__Problem requirements__
Everything from the first line below through the line with "j' < block_start" is to be transcribed exactly, and nothing past it.

__Listed entries__
lemma block_at_last_occurrence:
  assumes rm: "return_morphism \<sigma> w" and W: "morph_word \<sigma> V @ w = P @ u @ d # Q"
    and ne: "occurrences w u \<noteq> {}"
    and j': "j' \<le> length V" "block_start \<sigma> V j' = length P + Max (occurrences w u)"
  shows "j' < length V" and "\<exists>Q'. \<sigma> (V ! j') @ w = drop (Max (occurrences w u)) u @ d # Q'"
proof -
  define i\<^sub>1 where "i\<^sub>1 = Max (occurrences w u)"
  have i1w: "i\<^sub>1 + length w \<le> length u" using occurrences_Min_Max(4)[OF ne] unfolding i\<^sub>1_def .
  have len: "length (morph_word \<sigma> V) + length w = length P + length u + Suc (length Q)"
    using arg_cong[OF W, of length] by simp
  show j'l: "j' < length V"
  proof (rule ccontr)
    assume "\<not> ?thesis"
    then have "block_start \<sigma> V j' = length (morph_word \<sigma> V)" using j'(1) by simp
    then show False using j'(2) len i1w unfolding i\<^sub>1_def by simp
  qed
  have lt: "block_start \<sigma> V j' < block_start \<sigma> V (Suc j')"
    using block_start_strict_mono[OF rm, of j' "Suc j'" V] j'l by simp
  have beyond: "length P + length u < block_start \<sigma> V (Suc j') + length w"
  proof (rule ccontr)
    assume "\<not> ?thesis"
    then have "block_start \<sigma> V (Suc j') - length P \<in> occurrences w u"
      using lt j' j'l by (intro occurrence_of_block_start[OF rm W]) auto
    then have "block_start \<sigma> V (Suc j') - length P \<le> i\<^sub>1"
      unfolding i\<^sub>1_def by (rule Max_ge[OF finite_occurrences])
    then show False using lt j'(2) unfolding i\<^sub>1_def by simp
  qed
  obtain t where "drop (block_start \<sigma> V j') (morph_word \<sigma> V @ w) = \<sigma> (V ! j') @ w @ t"
    using drop_block_start[OF rm j'l] by blast
  moreover have "drop (block_start \<sigma> V j') (morph_word \<sigma> V @ w) = drop i\<^sub>1 u @ d # Q"
    using j'(2) i1w unfolding W i\<^sub>1_def by simp
  ultimately have "drop i\<^sub>1 u @ d # Q = (\<sigma> (V ! j') @ w) @ t" by simp
  moreover have "length (drop i\<^sub>1 u) < length (\<sigma> (V ! j') @ w)"
    using beyond block_start_Suc[OF j'l, of \<sigma>] j'(2) i1w unfolding i\<^sub>1_def by simp
  ultimately show "\<exists>Q'. \<sigma> (V ! j') @ w = drop (Max (occurrences w u)) u @ d # Q'"
    unfolding i\<^sub>1_def by (rule Cons_prefix_of_longer)
qed

lemma extension_desubstitution:
  assumes rm: "return_morphism \<sigma> w" and W: "morph_word \<sigma> V @ w = P @ c # u @ d # Q"
    and ne: "occurrences w u \<noteq> {}"
  defines "i\<^sub>0 \<equiv> Min (occurrences w u)" and "i\<^sub>1 \<equiv> Max (occurrences w u)"
  obtains j j' where "1 \<le> j" "j \<le> j'" "j' < length V"
    "\<exists>P'. \<sigma> (V ! (j - 1)) = P' @ c # take i\<^sub>0 u" "\<exists>Q'. \<sigma> (V ! j') @ w = drop i\<^sub>1 u @ d # Q'"
    "morph_word \<sigma> (drop j (take j' V)) = drop i\<^sub>0 (take i\<^sub>1 u)"
proof -
  have W': "morph_word \<sigma> V @ w = (P @ [c]) @ u @ (d # Q)" using W by simp
  obtain j j' where jj: "j \<le> j'" "j' \<le> length V"
    and j: "block_start \<sigma> V j = length (P @ [c]) + i\<^sub>0"
    and j': "block_start \<sigma> V j' = length (P @ [c]) + i\<^sub>1"
    and mid: "morph_word \<sigma> (drop j (take j' V)) = drop i\<^sub>0 (take i\<^sub>1 u)"
    using occurrences_bracket_blocks[OF rm W' ne] unfolding i\<^sub>0_def i\<^sub>1_def by blast
  have "1 \<le> j" "\<exists>P'. \<sigma> (V ! (j - 1)) = P' @ c # take i\<^sub>0 u"
    using block_before_first_occurrence[OF rm W ne, of j] jj j unfolding i\<^sub>0_def by simp_all
  moreover have "j' < length V" "\<exists>Q'. \<sigma> (V ! j') @ w = drop i\<^sub>1 u @ d # Q'"
    using block_at_last_occurrence[of \<sigma> w V "P @ [c]" u d Q, OF rm _ ne] W jj j'
    unfolding i\<^sub>1_def by simp_all
  ultimately show ?thesis using that jj mid by blast
qed

text \<open>Every M consecutive positions of an image contain a block start, and w occurs at every
  block start.\<close>
lemma occurrences_near_ends:
  assumes rm: "return_morphism \<sigma> w" and M: "\<And>a. length (\<sigma> a) \<le> M" "1 \<le> M"
    and W: "morph_word \<sigma> V @ w = P @ u @ Q" and len: "length w + M \<le> length u + 1"
  shows "occurrences w u \<noteq> {}" and "Min (occurrences w u) < M"
    and "length u < Max (occurrences w u) + M + length w"
proof -
  have lenW: "length (morph_word \<sigma> V) + length w = length P + length u + length Q"
    using arg_cong[OF W, of length] by simp
  have start: "length P \<le> length (morph_word \<sigma> V)" using lenW len M(2) by linarith
  obtain j where j: "j \<le> length V" "length P \<le> block_start \<sigma> V j"
      "block_start \<sigma> V j < length P + M"
    using block_start_after[OF M start] by blast
  have first: "block_start \<sigma> V j - length P \<in> occurrences w u"
    using j len by (intro occurrence_of_block_start[OF rm W]) linarith+
  then show "occurrences w u \<noteq> {}" by blast
  show "Min (occurrences w u) < M"
    using Min_le[OF finite_occurrences first] j by linarith
  have stop: "length P + length u - length w \<le> length (morph_word \<sigma> V)" using lenW by linarith
  obtain j' where j': "j' \<le> length V" "block_start \<sigma> V j' \<le> length P + length u - length w"
      "length P + length u - length w < block_start \<sigma> V j' + M"
    using block_start_before[OF M stop] by blast
  have "block_start \<sigma> V j' - length P \<in> occurrences w u"
    using j' len by (intro occurrence_of_block_start[OF rm W]) linarith+
  then have "block_start \<sigma> V j' - length P \<le> Max (occurrences w u)"
    by (rule Max_ge[OF finite_occurrences])
  then show "length u < Max (occurrences w u) + M + length w"
    using j' len by linarith
qed

lemma long_factor_preimage:
  assumes rm: "return_morphism \<sigma> w" and M: "\<And>a. length (\<sigma> a) \<le> M" "1 \<le> M"
    and V: "V \<in> lang X" and W: "morph_word \<sigma> V @ w = P @ u @ Q"
    and len: "M * (N + 1) + length w \<le> length u + 1"
  shows "occurrences w u \<noteq> {}"
    and "\<exists>v\<in>lang X. N \<le> length v \<and>
           morph_word \<sigma> v = drop (Min (occurrences w u)) (take (Max (occurrences w u)) u)"
proof -
  have len': "length w + M \<le> length u + 1" using len by (simp add: algebra_simps)
  note near = occurrences_near_ends[OF rm M W len']
  show ne: "occurrences w u \<noteq> {}" by (rule near(1))
  define i\<^sub>0 where "i\<^sub>0 = Min (occurrences w u)"
  define i\<^sub>1 where "i\<^sub>1 = Max (occurrences w u)"
  obtain j j' where jj: "j \<le> j'" "j' \<le> length V"
    and mid: "morph_word \<sigma> (drop j (take j' V)) = drop i\<^sub>0 (take i\<^sub>1 u)"
    using occurrences_bracket_blocks[OF rm W ne] unfolding i\<^sub>0_def i\<^sub>1_def by blast
  have i1w: "i\<^sub>1 + length w \<le> length u" using occurrences_Min_Max(4)[OF ne] unfolding i\<^sub>1_def .
  have "i\<^sub>1 - i\<^sub>0 \<le> M * (j' - j)"
    using length_morph_word_le[of \<sigma> M "drop j (take j' V)"] M(1) mid jj i1w by simp
  then have "M * N < M * Suc (j' - j)"
    using near(2,3) len unfolding i\<^sub>0_def i\<^sub>1_def by (simp add: algebra_simps)
  then have "N < Suc (j' - j)" by (rule mult_less_cancel1[THEN iffD1, THEN conjunct2])
  then have "N \<le> j' - j" by simp
  then show "\<exists>v\<in>lang X. N \<le> length v \<and> morph_word \<sigma> v = drop i\<^sub>0 (take i\<^sub>1 u)"
    using mid jj lang_drop_take[OF V] by (intro bexI[of _ "drop j (take j' V)"]) auto
qed

lemma double_star_image:
  assumes ds: "double_star B" and ne: "R \<noteq> {}"
    and R: "\<And>c d. (c, d) \<in> R \<longleftrightarrow> (\<exists>a b. (a, b) \<in> B \<and> F a c \<and> G b d)"
    and F: "\<And>a c c'. F a c \<Longrightarrow> F a c' \<Longrightarrow> c = c'"
    and G: "\<And>b d d'. G b d \<Longrightarrow> G b d' \<Longrightarrow> d = d'"
  shows "double_star R"
proof -
  obtain \<alpha> \<beta> where \<alpha>\<beta>: "(\<alpha>, \<beta>) \<in> B" and star: "\<And>a b. (a, b) \<in> B \<Longrightarrow> a = \<alpha> \<or> b = \<beta>"
    using ds unfolding double_star_def by blast
  obtain c\<^sub>1 d\<^sub>1 a\<^sub>1 b\<^sub>1 where cd\<^sub>1: "(c\<^sub>1, d\<^sub>1) \<in> R" "(a\<^sub>1, b\<^sub>1) \<in> B" "F a\<^sub>1 c\<^sub>1" "G b\<^sub>1 d\<^sub>1"
    using ne R by fastforce
  consider (both) c\<^sub>\<alpha> d\<^sub>\<beta> where "F \<alpha> c\<^sub>\<alpha>" "G \<beta> d\<^sub>\<beta>"
    | (no_left) "\<And>c. \<not> F \<alpha> c"
    | (no_right) c\<^sub>\<alpha> where "F \<alpha> c\<^sub>\<alpha>" "\<And>d. \<not> G \<beta> d"
    by blast
  then show ?thesis
  proof cases
    case both
    have "c = c\<^sub>\<alpha> \<or> d = d\<^sub>\<beta>" if "(c, d) \<in> R" for c d
      using that R star F G both by metis
    then show ?thesis using R \<alpha>\<beta> both unfolding double_star_def by blast
  next
    case no_left
    have "d = d\<^sub>1" if "(c, d) \<in> R" for c d
      using that cd\<^sub>1 R star G no_left by metis
    then show ?thesis using cd\<^sub>1(1) unfolding double_star_def by blast
  next
    case no_right
    have "c = c\<^sub>1" if "(c, d) \<in> R" for c d
      using that cd\<^sub>1 R star F no_right by metis
    then show ?thesis using cd\<^sub>1(1) unfolding double_star_def by blast
  qed
qed

lemma drop_take_extend_both:
  assumes "1 \<le> j" "j \<le> j'" "j' < length V"
  shows "drop (j - 1) (take (Suc j') V) = V ! (j - 1) # drop j (take j' V) @ [V ! j']"
proof -
  have "take (Suc j') V = take j' V @ [V ! j']" using assms by (simp add: take_Suc_conv_app_nth)
  moreover have "drop (j - 1) (take j' V) = take j' V ! (j - 1) # drop j (take j' V)"
    using assms Cons_nth_drop_Suc[of "j - 1" "take j' V"] by simp
  ultimately show ?thesis using assms by simp
qed

lemma morph_lang_two_sided_extension_iff:
  fixes \<sigma> :: "'a \<Rightarrow> 'b list" and w u :: "'b list"
  defines "i\<^sub>0 \<equiv> Min (occurrences w u)" and "i\<^sub>1 \<equiv> Max (occurrences w u)"
  assumes rm: "return_morphism \<sigma> w" and ne: "occurrences w u \<noteq> {}"
    and v: "morph_word \<sigma> v = drop i\<^sub>0 (take i\<^sub>1 u)"
  shows "c # u @ [d] \<in> morph_lang X \<sigma> w \<longleftrightarrow>
    (\<exists>a b. a # v @ [b] \<in> lang X \<and> (\<exists>P'. \<sigma> a = P' @ c # take i\<^sub>0 u) \<and>
       (\<exists>Q'. \<sigma> b @ w = drop i\<^sub>1 u @ d # Q'))"
proof
  assume "c # u @ [d] \<in> morph_lang X \<sigma> w"
  then obtain V P Q where V: "V \<in> lang X" and W: "morph_word \<sigma> V @ w = P @ c # u @ d # Q"
    unfolding morph_lang_def by auto
  obtain j j' where jj: "1 \<le> j" "j \<le> j'" "j' < length V"
    and ends: "\<exists>P'. \<sigma> (V ! (j - 1)) = P' @ c # take i\<^sub>0 u" "\<exists>Q'. \<sigma> (V ! j') @ w = drop i\<^sub>1 u @ d # Q'"
    and mid: "morph_word \<sigma> (drop j (take j' V)) = drop i\<^sub>0 (take i\<^sub>1 u)"
    using extension_desubstitution[OF rm W ne] unfolding i\<^sub>0_def i\<^sub>1_def by blast
  have "drop j (take j' V) = v"
    using mid v rm unfolding return_morphism_def by (metis injD)
  then have "V ! (j - 1) # v @ [V ! j'] \<in> lang X"
    using lang_drop_take[OF V, of "j - 1" "Suc j'"] drop_take_extend_both[OF jj] by simp
  then show "\<exists>a b. a # v @ [b] \<in> lang X \<and> (\<exists>P'. \<sigma> a = P' @ c # take i\<^sub>0 u) \<and>
      (\<exists>Q'. \<sigma> b @ w = drop i\<^sub>1 u @ d # Q')"
    using ends by blast
next
  assume "\<exists>a b. a # v @ [b] \<in> lang X \<and> (\<exists>P'. \<sigma> a = P' @ c # take i\<^sub>0 u) \<and>
      (\<exists>Q'. \<sigma> b @ w = drop i\<^sub>1 u @ d # Q')"
  then obtain a b P' Q' where ab: "a # v @ [b] \<in> lang X" and
    a: "\<sigma> a = P' @ c # take i\<^sub>0 u" and b: "\<sigma> b @ w = drop i\<^sub>1 u @ d # Q'"
    by blast
  have "i\<^sub>0 \<le> i\<^sub>1" "i\<^sub>1 \<le> length u"
    using occurrences_Min_Max[OF ne] unfolding i\<^sub>0_def i\<^sub>1_def by simp_all
  then have "u = take i\<^sub>0 u @ morph_word \<sigma> v @ drop i\<^sub>1 u"
    unfolding v by (metis append.assoc append_take_drop_id drop_take min.absorb1 take_take)
  then have "morph_word \<sigma> (a # v @ [b]) @ w = P' @ (c # u @ [d]) @ Q'"
    using a b by (metis append.assoc append_Cons append_Nil morph_word_Cons morph_word_append morph_word_Nil)
  then show "c # u @ [d] \<in> morph_lang X \<sigma> w"
    using ab unfolding morph_lang_def by blast
qed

__Response to the exercise__
lemma block_at_last_occurrence:
  assumes rm: "return_morphism \<sigma> w" and W: "morph_word \<sigma> V @ w = P @ u @ d # Q"
    and ne: "occurrences w u \<noteq> {}"
    and j': "j' \<le> length V" "block_start \<sigma> V j' = length P + Max (occurrences w u)"
  shows "j' < length V" and "\<exists>Q'. \<sigma> (V ! j') @ w = drop (Max (occurrences w u)) u @ d # Q'"
proof -
  define i\<^sub>1 where "i\<^sub>1 = Max (occurrences w u)"
  have i1w: "i\<^sub>1 + length w \<le> length u" using occurrences_Min_Max(4)[OF ne] unfolding i\<^sub>1_def .
  have len: "length (morph_word \<sigma> V) + length w = length P + length u + Suc (length Q)"
    using arg_cong[OF W, of length] by simp
  show j'l: "j' < length V"
  proof (rule ccontr)
    assume "\<not> ?thesis"
    then have "block_start \<sigma> V j' = length (morph_word \<sigma> V)" using j'(1) by simp
    then show False using j'(2) len i1w unfolding i\<^sub>1_def by simp
  qed
  have lt: "block_start \<sigma> V j' < block_start \<sigma> V (Suc j')"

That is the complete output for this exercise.